YOUR GOAL -> This exercise calls for an exact copy of the data below.

== == ==

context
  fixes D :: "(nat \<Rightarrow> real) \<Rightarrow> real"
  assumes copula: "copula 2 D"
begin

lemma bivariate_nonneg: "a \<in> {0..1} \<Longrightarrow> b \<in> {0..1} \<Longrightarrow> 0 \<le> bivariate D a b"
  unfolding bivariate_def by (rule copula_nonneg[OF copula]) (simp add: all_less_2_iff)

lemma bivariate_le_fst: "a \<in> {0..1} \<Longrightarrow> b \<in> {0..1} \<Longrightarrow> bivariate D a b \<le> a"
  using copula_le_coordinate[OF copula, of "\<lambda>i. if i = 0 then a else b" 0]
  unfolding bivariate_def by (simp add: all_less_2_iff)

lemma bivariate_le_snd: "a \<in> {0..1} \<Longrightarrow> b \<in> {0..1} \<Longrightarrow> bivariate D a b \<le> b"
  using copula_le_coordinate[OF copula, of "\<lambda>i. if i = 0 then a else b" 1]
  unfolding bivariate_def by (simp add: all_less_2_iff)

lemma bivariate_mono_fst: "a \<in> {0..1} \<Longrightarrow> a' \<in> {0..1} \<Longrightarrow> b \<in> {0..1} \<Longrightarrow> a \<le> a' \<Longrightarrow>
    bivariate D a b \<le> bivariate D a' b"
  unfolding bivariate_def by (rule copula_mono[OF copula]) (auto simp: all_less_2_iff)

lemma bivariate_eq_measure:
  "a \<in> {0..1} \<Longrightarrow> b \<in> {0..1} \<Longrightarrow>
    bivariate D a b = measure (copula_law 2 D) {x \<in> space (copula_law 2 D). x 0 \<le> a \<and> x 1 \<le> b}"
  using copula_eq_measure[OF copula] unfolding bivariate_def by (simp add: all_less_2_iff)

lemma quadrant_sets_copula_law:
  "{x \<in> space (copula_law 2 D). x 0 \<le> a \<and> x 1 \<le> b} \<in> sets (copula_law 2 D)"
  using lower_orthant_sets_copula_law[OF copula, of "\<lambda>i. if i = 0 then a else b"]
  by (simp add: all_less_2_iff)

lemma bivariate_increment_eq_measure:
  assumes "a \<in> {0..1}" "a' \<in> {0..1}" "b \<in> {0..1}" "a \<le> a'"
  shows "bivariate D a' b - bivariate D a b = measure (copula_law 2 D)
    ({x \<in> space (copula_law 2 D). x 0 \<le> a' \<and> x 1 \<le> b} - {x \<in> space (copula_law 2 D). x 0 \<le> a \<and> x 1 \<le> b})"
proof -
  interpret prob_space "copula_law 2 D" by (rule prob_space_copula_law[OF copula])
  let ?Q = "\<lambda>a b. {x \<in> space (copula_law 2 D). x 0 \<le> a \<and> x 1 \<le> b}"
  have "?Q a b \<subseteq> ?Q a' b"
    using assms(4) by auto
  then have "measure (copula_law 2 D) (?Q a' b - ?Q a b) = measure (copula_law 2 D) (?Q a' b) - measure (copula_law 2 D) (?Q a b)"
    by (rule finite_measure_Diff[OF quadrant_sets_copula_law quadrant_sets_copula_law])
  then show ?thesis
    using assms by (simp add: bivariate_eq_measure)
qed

== == ==

EXERCISE ANSWER ->
context
  fixes D :: "(nat \<Rightarrow> real) \<Rightarrow> real"
  assumes copula: "copula 2 D"
begin

lemma bivariate_nonneg: "a \<in> {0..1} \<Longrightarrow> b \<in> {0..1} \<Longrightarrow> 0 \<le> bivariate D a b"
  unfolding bivariate_def by (rule copula_nonneg[OF copula]) (simp add: all_less_2_iff)

lemma bivariate_le_fst: "a \<in> {0..1} \<Longrightarrow> b \<in> {0..1} \<Longrightarrow> bivariate D a b \<le> a"
  using copula_le_coordinate[OF copula, of "\<lambda>i. if i = 0 then a else b" 0]
  unfolding bivariate_def by (simp add: all_less_2_iff)

lemma bivariate_le_snd: "a \<in> {0..1} \<Longrightarrow> b \<in> {0..1} \<Longrightarrow> bivariate D a b \<le> b"
  using copula_le_coordinate[OF copula, of "\<lambda>i. if i = 0 then a else b" 1]
  unfolding bivariate_def by (simp add: all_less_2_iff)

lemma bivariate_mono_fst: "a \<in> {0..1} \<Longrightarrow> a' \<in> {0..1} \<Longrightarrow> b \<in> {0..1} \<Longrightarrow> a \<le> a' \<Longrightarrow>
    bivariate D a b \<le> bivariate D a' b"
  unfolding bivariate_def by (rule copula_mono[OF copula]) (auto simp: all_less_2_iff)

lemma bivariate_eq_measure:
  "a \<in> {0..1} \<Longrightarrow> b \<in> {0..1} \<Longrightarrow>
    bivariate D a b = measure (copula_law 2 D) {x \<in> space (copula_law 2 D). x 0 \<le> a \<and> x 1 \<le> b}"
  using copula_eq_measure[OF copula] unfolding bivariate_def by (simp add: all_less_2_iff)

lemma quadrant_sets_copula_law:
  "{x \<in> space (copula_law 2 D). x 0 \<le> a \<and> x 1 \<le> b} \<in> sets (copula_law 2 D)"
  using lower_orthant_sets_copula_law[OF copula, of "\<lambda>i. if i = 0 then a else b"]
  by (simp add: all_less_2_iff)

lemma bivariate_increment_eq_measure:
  assumes "a \<in> {0..1}" "a' \<in> {0..1}" "b \<in> {0..1}" "a \<le> a'"
  shows "bivariate D a' b - bivariate D a b = measure (copula_law 2 D)
    ({x \<in> space (copula_law 2 D). x 0 \<le> a' \<and> x 1 \<le> b} - {x \<in> space (copula_law 2 D). x 0 \<le> a \<and> x 1 \<le> b})"
proof -
  interpret prob_space "copula_law 2 D" by (rule prob_space_copula_law[OF copula])
  let ?Q = "\<lambda>a b. {x \<in> space (copula_law 2 D). x 0 \<le> a \<and> x 1 \<le> b}"
  have "?Q a b \<subseteq> ?Q a' b"
    using assms(4) by auto
  then have "measure (copula_law 2 D) (?Q a' b - ?Q a b) = measure (copula_law 2 D) (?Q a' b) - measure (copula_law 2 D) (?Q a b)"
    by (rule finite_measure_Diff[OF quadrant_sets_copula_law quadrant_sets_copula_law])
  then show ?thesis
    using assms by (simp add: bivariate_eq_measure)
qed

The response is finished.